As to blogs, at least the one I attempt to pound out here, there are inherent problems. For example it is difficult to stay away from politics and religion when they play such an intrinsic part of the story of military history. It is also difficult not to unintentionally draw comparisons between the past and present state of what is going on in the world today. It’s not as if this is anything new, for example, a writer in the 1850s [an era in which my children are convinced I was born] could as easily have made a connection between the past and their particular time period. The difference is that he or she is not taken to task today about what they wrote “yesterday”; a current writer on the other hand is quite open to verbal attack for such comparisons, intentional or otherwise. No one likes to constantly apologize for the misinterpretation of his work by others. When it comes to religion I could say that I don’t care what your religious beliefs or lack thereof may be. However, that’s not completely accurate as it is not a matter that I don’t care it is a matter that I do not believe it is any of my business.
Then there is the matter of what words to use and how to use them. Most people do not write the same way they speak. The reason is simple, in my mind, as when we converse we don’t have the time to pick what we might think to be a more appropriate word. I will be honest here and say that I do at times stop in the middle of spoken sentence and say, “what is that word...let me think...oh yes”, then include it and carry on with the thought. I know it drives people crazy; unlike religion, this is a case where I really don’t care. I also occasionally do use Latin terms when I talk with others, not a lot, but I use them. My family has gotten used to it and friends pretty much ignore their use, and at times me no doubt. I do struggle with what words to use; should I go for the word I have in mind or try to find a monosyllabic word to assure all of the readers will understand and thereby avoid being seen as pretentious. I think that it’s better to be seen as pretentious rather than to feel like I am being condescending toward the reader, I’d rather be seen as being more pompous rather than risk insulting fellow members. Yes, I see the irony in using “monosyllabic” over “single syllable” when I claimed that I wanted my writing to be clear to the reader. My thought on this point is and has always been that if you don’t understand a particular word then look it up; that’s what I did and still do; it’s basic vocabulary building. My last point on viewing people as being pretentious is to pose the question, ‘Did you think the writer opened the dictionary, picked out some very long words then wrote the article around those words. Certainly he or she had foreknowledge of those words in order to have used them in the first place.
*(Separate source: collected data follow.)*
(* Fix $0<\eta<\omega_1$, let $\mathcal{F}_1,\mathcal{F}_2,\dots$ be regular families each containing all singletons with $CB(\mathcal{F}_n)<\omega^\eta$ for all $n$, and let $(\varpi_n)_{n=1}^\infty\subset(0,1]$ converge to $0$. For $x\in c_{00}$ and $n\in\mathbb{N}$ let $$|x|_n=\sup\Bigl\{\sum_{i=1}^t\|I_ix\|_{\ell_2}: t\in\mathbb{N},\ I_1<\dots<I_t,\ (\min I_i)_{i=1}^t\in\mathcal{F}_n\Bigr\},$$ where the $I_i$ are nonempty finite subsets of $\mathbb{N}$, and let $[x]=\sup_n\varpi_n|x|_n$. Let $Z$ be the completion of $c_{00}$ with respect to $[\cdot]$. Then the canonical basis of $Z$ is $\eta$-weakly null.
   Context: $E<F$ for $E,F\subset\mathbb{N}$ means $E=\varnothing$, $F=\varnothing$, or $\max E<\min F$. For $E\subset\mathbb{N}$ and $x=\sum a_ne_n\in c_{00}$, $Ex=\sum_{n\in E}a_ne_n$. $2^{\mathbb{N}}$ (the power set of $\mathbb{N}$) carries the topology of $\{0,1\}^{\mathbb{N}}$ via indicator functions. A family $\mathcal{F}\subset[\mathbb{N}]^{<\mathbb{N}}$ (finite subsets) is spreading if whenever $(m_i)_{i=1}^k\in\mathcal{F}$ (increasing enumeration) and $m_i\leqslant n_i$ with $n_1<\dots<n_k$, then $(n_i)_{i=1}^k\in\mathcal{F}$; hereditary if closed under subsets; regular if spreading, hereditary and compact. For regular $\mathcal{F}$, $\mathcal{F}'$ is $\mathcal{F}$ minus its maximal (under inclusion) members; $\mathcal{F}^0=\mathcal{F}$, $\mathcal{F}^{\xi+1}=(\mathcal{F}^\xi)'$, $\mathcal{F}^\xi=\bigcap_{\zeta<\xi}\mathcal{F}^\zeta$ for limit $\xi$; $CB(\mathcal{F})$ is the least $\xi$ with $\mathcal{F}^\xi=\varnothing$. Schreier families: $\mathcal{S}_0=\{\varnothing\}\cup\{\{n\}\}$; $\mathcal{S}=\{\varnothing\}\cup\{E:|E|\leqslant\min E\}$; $\mathcal{G}[\mathcal{F}]=\{\varnothing\}\cup\{\bigcup_{i=1}^nE_i:\varnothing\neq E_i\in\mathcal{F},E_1<\dots<E_n,(\min E_i)_{i=1}^n\in\mathcal{G}\}$; $\mathcal{S}_{\xi+1}=\mathcal{S}[\mathcal{S}_\xi]$; for limit $\xi<\omega_1$, with a fixed $\xi_n\uparrow\xi$ satisfying $\mathcal{S}_{\xi_n+1}\subset\mathcal{S}_{\xi_{n+1}}$, $\mathcal{S}_\xi=\{\varnothing\}\cup\{E\neq\varnothing:E\in\mathcal{S}_{\xi_{\min E}+1}\}$. For $\xi<\omega_1$, a bounded sequence $(x_n)$ in a Banach space is an $\ell_1^\xi+$-spreading model if $\inf\{\|x\|:F\in\mathcal{S}_\xi,x\in\mathrm{co}(x_n:n\in F)\}>0$, and $(x_n)$ is $\xi$-weakly null if no subsequence is an $\ell_1^\xi+$-spreading model. *)

theory Defs
  imports "HOL-Analysis.Analysis"
begin

text \<open>Countable ordinals are represented by well-orders on subsets of nat
  (type nat rel), compared with the library relations <o and =o.\<close>

definition is_succ_of :: "nat rel \<Rightarrow> nat rel \<Rightarrow> bool" where
  "is_succ_of z r \<longleftrightarrow> Well_order z \<and> Well_order r \<and> (z, r) \<in> ordLess \<and>
     (\<forall>w :: nat rel. \<not> ((z, w) \<in> ordLess \<and> (w, r) \<in> ordLess))"

definition is_zero_ord :: "nat rel \<Rightarrow> bool" where
  "is_zero_ord r \<longleftrightarrow> Well_order r \<and> Field r = {}"

definition is_limit_ord :: "nat rel \<Rightarrow> bool" where
  "is_limit_ord r \<longleftrightarrow> Well_order r \<and> Field r \<noteq> {} \<and> \<not> (\<exists>z. is_succ_of z r)"

text \<open>Ordinal exponentiation omega^eta: finitely supported functions from Field eta
  to nat, ordered by comparing the values at the eta-largest point of difference
  (Cantor normal form representation).\<close>

definition omega_pow :: "nat rel \<Rightarrow> (nat \<Rightarrow> nat) rel" where
  "omega_pow \<eta> = {(f, g).
     finite {a. f a \<noteq> 0} \<and> (\<forall>a. a \<notin> Field \<eta> \<longrightarrow> f a = 0) \<and>
     finite {a. g a \<noteq> 0} \<and> (\<forall>a. a \<notin> Field \<eta> \<longrightarrow> g a = 0) \<and>
     (f = g \<or> (\<exists>a\<in>Field \<eta>. f a < g a \<and>
                 (\<forall>b\<in>Field \<eta>. (a, b) \<in> \<eta> \<and> a \<noteq> b \<longrightarrow> f b = g b)))}"

text \<open>N = {1,2,...}; families are sets of finite subsets of {1..}.\<close>

definition finite_family :: "nat set set \<Rightarrow> bool" where
  "finite_family F \<longleftrightarrow> (\<forall>E\<in>F. finite E \<and> E \<subseteq> {1..})"

definition spreading :: "nat set set \<Rightarrow> bool" where
  "spreading F \<longleftrightarrow> (\<forall>E\<in>F. \<forall>g :: nat \<Rightarrow> nat.
      strict_mono_on E g \<and> (\<forall>m\<in>E. m \<le> g m) \<longrightarrow> g ` E \<in> F)"

definition hereditary :: "nat set set \<Rightarrow> bool" where
  "hereditary F \<longleftrightarrow> (\<forall>E\<in>F. \<forall>G. G \<subseteq> E \<longrightarrow> G \<in> F)"

text \<open>Compactness in 2^N, identified with {0,1}^N via indicator functions.\<close>
definition compact_family :: "nat set set \<Rightarrow> bool" where
  "compact_family F \<longleftrightarrow>
     compactin (product_topology (\<lambda>_. discrete_topology (UNIV :: bool set)) UNIV)
               ((\<lambda>E n. n \<in> E) ` F)"

definition regular :: "nat set set \<Rightarrow> bool" where
  "regular F \<longleftrightarrow> finite_family F \<and> spreading F \<and> hereditary F \<and> compact_family F"

definition contains_singletons :: "nat set set \<Rightarrow> bool" where
  "contains_singletons F \<longleftrightarrow> (\<forall>n\<ge>1. {n} \<in> F)"

definition fderiv :: "nat set set \<Rightarrow> nat set set" where
  "fderiv F = F - {E\<in>F. \<forall>G\<in>F. E \<subseteq> G \<longrightarrow> G = E}"

definition derivs :: "nat set set \<Rightarrow> (nat rel \<Rightarrow> nat set set) \<Rightarrow> bool" where
  "derivs F D \<longleftrightarrow>
     (\<forall>r s. Well_order r \<and> Well_order s \<and> (r, s) \<in> ordIso \<longrightarrow> D r = D s) \<and>
     (\<forall>r. is_zero_ord r \<longrightarrow> D r = F) \<and>
     (\<forall>z r. is_succ_of z r \<longrightarrow> D r = fderiv (D z)) \<and>
     (\<forall>r. is_limit_ord r \<longrightarrow> D r = \<Inter> {D z | z. (z, r) \<in> ordLess})"

definition CB_less :: "nat set set \<Rightarrow> 'a rel \<Rightarrow> bool" where
  "CB_less F \<alpha> \<longleftrightarrow> (\<forall>D. derivs F D \<longrightarrow> (\<exists>\<xi> :: nat rel. (\<xi>, \<alpha>) \<in> ordLess \<and> D \<xi> = {}))"

definition schreier0 :: "nat set set" where
  "schreier0 = {{}} \<union> {{n} | n. 1 \<le> n}"

definition schreier1 :: "nat set set" where
  "schreier1 = {{}} \<union> {E. finite E \<and> E \<subseteq> {1..} \<and> E \<noteq> {} \<and> card E \<le> Min E}"

definition fam_prod :: "nat set set \<Rightarrow> nat set set \<Rightarrow> nat set set" where
  "fam_prod G F = {{}} \<union> {\<Union> (E ` {..<k}) | (k :: nat) E.
      (\<forall>i<k. E i \<noteq> {} \<and> E i \<in> F) \<and>
      (\<forall>i j. i < j \<and> j < k \<longrightarrow> Max (E i) < Min (E j)) \<and>
      (\<lambda>i. Min (E i)) ` {..<k} \<in> G}"

text \<open>S is an admissible system of Schreier families (S r = S_xi for r of order type xi).\<close>
definition schreier_system :: "(nat rel \<Rightarrow> nat set set) \<Rightarrow> bool" where
  "schreier_system S \<longleftrightarrow>
     (\<forall>r s. Well_order r \<and> Well_order s \<and> (r, s) \<in> ordIso \<longrightarrow> S r = S s) \<and>
     (\<forall>r. is_zero_ord r \<longrightarrow> S r = schreier0) \<and>
     (\<forall>z r. is_succ_of z r \<longrightarrow> S r = fam_prod schreier1 (S z)) \<and>
     (\<forall>r. is_limit_ord r \<longrightarrow>
        (\<exists>\<xi>s \<sigma>s :: nat \<Rightarrow> nat rel.
           (\<forall>n\<ge>1. (\<xi>s n, r) \<in> ordLess \<and> is_succ_of (\<xi>s n) (\<sigma>s n)) \<and>
           (\<forall>n\<ge>1. (\<xi>s n, \<xi>s (Suc n)) \<in> ordLess) \<and>
           (\<forall>\<zeta> :: nat rel. (\<zeta>, r) \<in> ordLess \<longrightarrow> (\<exists>n\<ge>1. (\<zeta>, \<xi>s n) \<in> ordLess)) \<and>
           (\<forall>n\<ge>1. S (\<sigma>s n) \<subseteq> S (\<xi>s (Suc n))) \<and>
           S r = {{}} \<union> {E. E \<noteq> {} \<and> E \<in> S (\<sigma>s (Min E))}))"

text \<open>Vectors of c00 are functions nat => real (coordinates indexed by 1,2,...).\<close>

definition ell2_part :: "nat set \<Rightarrow> (nat \<Rightarrow> real) \<Rightarrow> real" where
  "ell2_part I x = sqrt (\<Sum>j\<in>I. (x j)\<^sup>2)"

definition block_norm :: "nat set set \<Rightarrow> (nat \<Rightarrow> real) \<Rightarrow> real" where
  "block_norm F x = Sup {(\<Sum>i<t. ell2_part (I i) x) | (t :: nat) I.
      1 \<le> t \<and> (\<forall>i<t. I i \<noteq> {} \<and> finite (I i) \<and> I i \<subseteq> {1..}) \<and>
      (\<forall>i j. i < j \<and> j < t \<longrightarrow> Max (I i) < Min (I j)) \<and>
      (\<lambda>i. Min (I i)) ` {..<t} \<in> F}"

definition bracket_norm :: "(nat \<Rightarrow> nat set set) \<Rightarrow> (nat \<Rightarrow> real) \<Rightarrow> (nat \<Rightarrow> real) \<Rightarrow> real" where
  "bracket_norm F \<omega> x = (SUP n\<in>{1..}. \<omega> n * block_norm (F n) x)"

definition unit_vec :: "nat \<Rightarrow> nat \<Rightarrow> real" where
  "unit_vec n = (\<lambda>j. if j = n then 1 else 0)"

definition l1_spreading_model ::
  "nat set set \<Rightarrow> ((nat \<Rightarrow> real) \<Rightarrow> real) \<Rightarrow> (nat \<Rightarrow> nat \<Rightarrow> real) \<Rightarrow> bool" where
  "l1_spreading_model G N xs \<longleftrightarrow>
     bdd_above ((\<lambda>n. N (xs n)) ` {1..}) \<and>
     (\<exists>\<delta>>0. \<forall>E\<in>G. \<forall>a :: nat \<Rightarrow> real.
        (\<forall>i\<in>E. 0 \<le> a i) \<and> (\<Sum>i\<in>E. a i) = 1 \<longrightarrow>
        \<delta> \<le> N (\<lambda>j. \<Sum>i\<in>E. a i * xs i j))"

definition weakly_null_wrt ::
  "nat set set \<Rightarrow> ((nat \<Rightarrow> real) \<Rightarrow> real) \<Rightarrow> (nat \<Rightarrow> nat \<Rightarrow> real) \<Rightarrow> bool" where
  "weakly_null_wrt G N xs \<longleftrightarrow>
     \<not> (\<exists>k :: nat \<Rightarrow> nat. strict_mono_on {1..} k \<and> (\<forall>n\<ge>1. 1 \<le> k n) \<and>
           l1_spreading_model G N (\<lambda>n. xs (k n)))"

end

(* Each F_n has Cantor-Bendixson index below omega^eta, so it carries a rank into the Cantor
   normal forms below omega^eta that strictly decreases along proper inclusion.  By transfinite
   induction on r, every Schreier family S_r contains, arbitrarily far out, sets E with convex
   weights giving mass < eps to every member of finitely many hereditary families ranked in
   omega^s, s <= r.  At a successor one averages many successive averages from the predecessor:
   along the initial parts of a set the top coordinate of its rank drops only boundedly often,
   and where it does not drop the remaining coordinates give a ranking in the predecessor.  At
   a limit, finitely many ranks live below some earlier ordinal.
   For the resulting average x of unit vectors, Cauchy-Schwarz and spreading bound |x|_n by the
   square root of the largest weight of a member of F_n.  Hence [x] is small: for the finitely
   many n handled by the induction directly, and for the others because varpi_n -> 0.  So no
   subsequence of the basis is an l_1^eta spreading model. *)

theory Submission
  imports Defs
begin

unbundle cardinal_syntax
(* Set_Algebras, imported by HOL-Analysis, also uses =o *)
no_notation elt_set_eq (infix "=o" 50)

section \<open>Well-orders as ordinals\<close>

lemma Well_order_trans: "Well_order r \<Longrightarrow> (a, b) \<in> r \<Longrightarrow> (b, c) \<in> r \<Longrightarrow> (a, c) \<in> r"
  using wo_rel.TRANS[of r] transD[of r] unfolding wo_rel_def by blast

lemma Well_order_antisym: "Well_order r \<Longrightarrow> (a, b) \<in> r \<Longrightarrow> (b, a) \<in> r \<Longrightarrow> a = b"
  using wo_rel.ANTISYM[of r] antisymD[of r] unfolding wo_rel_def by blast

lemma Well_order_total:
  "Well_order r \<Longrightarrow> a \<in> Field r \<Longrightarrow> b \<in> Field r \<Longrightarrow> (a, b) \<in> r \<or> (b, a) \<in> r"
  using wo_rel.TOTALS[of r] unfolding wo_rel_def by blast

lemma Well_order_refl: "Well_order r \<Longrightarrow> a \<in> Field r \<Longrightarrow> (a, a) \<in> r"
  using Well_order_total[of r a a] by blast

lemma Field_Restr_underS: "Well_order r \<Longrightarrow> Field (Restr r (underS r b)) = underS r b"
  by (simp add: Field_Restr_ofilter wo_rel.underS_ofilter wo_rel_def)

lemma underS_mono:
  assumes "Well_order r" "b \<in> underS r c"
  shows "underS r b \<subseteq> underS r c"
proof
  fix x assume "x \<in> underS r b"
  then have xb: "(x, b) \<in> r" "x \<noteq> b" unfolding underS_def by auto
  have bc: "(b, c) \<in> r" "b \<noteq> c" using assms(2) unfolding underS_def by auto
  have "(x, c) \<in> r" using Well_order_trans[OF assms(1) xb(1) bc(1)] .
  moreover have "x \<noteq> c" using xb bc Well_order_antisym[OF assms(1)] by blast
  ultimately show "x \<in> underS r c" unfolding underS_def by blast
qed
The fact that some of the potential readers may not have English as their first language is not lost on me. I come from a bilingual country [Canada] and stand as a proponent of bilingualism. Having said that my grasp of the French language is less than minimal; this is the very definition of hypocrisy. I can imagine how I would feel attempting to read an article in another language other than English and I regret that I am unable to accommodate them...c’est la vie. I treat learning a second language much like living a healthy life style and getting plenty of exercise. I fully support those so inclined and enthusiastically cheer them on while they run by as I sit in my lawn chair, Pepsi in one hand and a bag of potato chips close by giving the participants a hardy thumbs up. Just remember that in 100 years we all be in the same condition, at least for me it will be no surprise.
In conclusion, I will attempt to be more mindful of the need for clarity in my writing while not drifting too far away from what I term as a writing style. After all it has taken me decades to get to be this annoying and pretentious.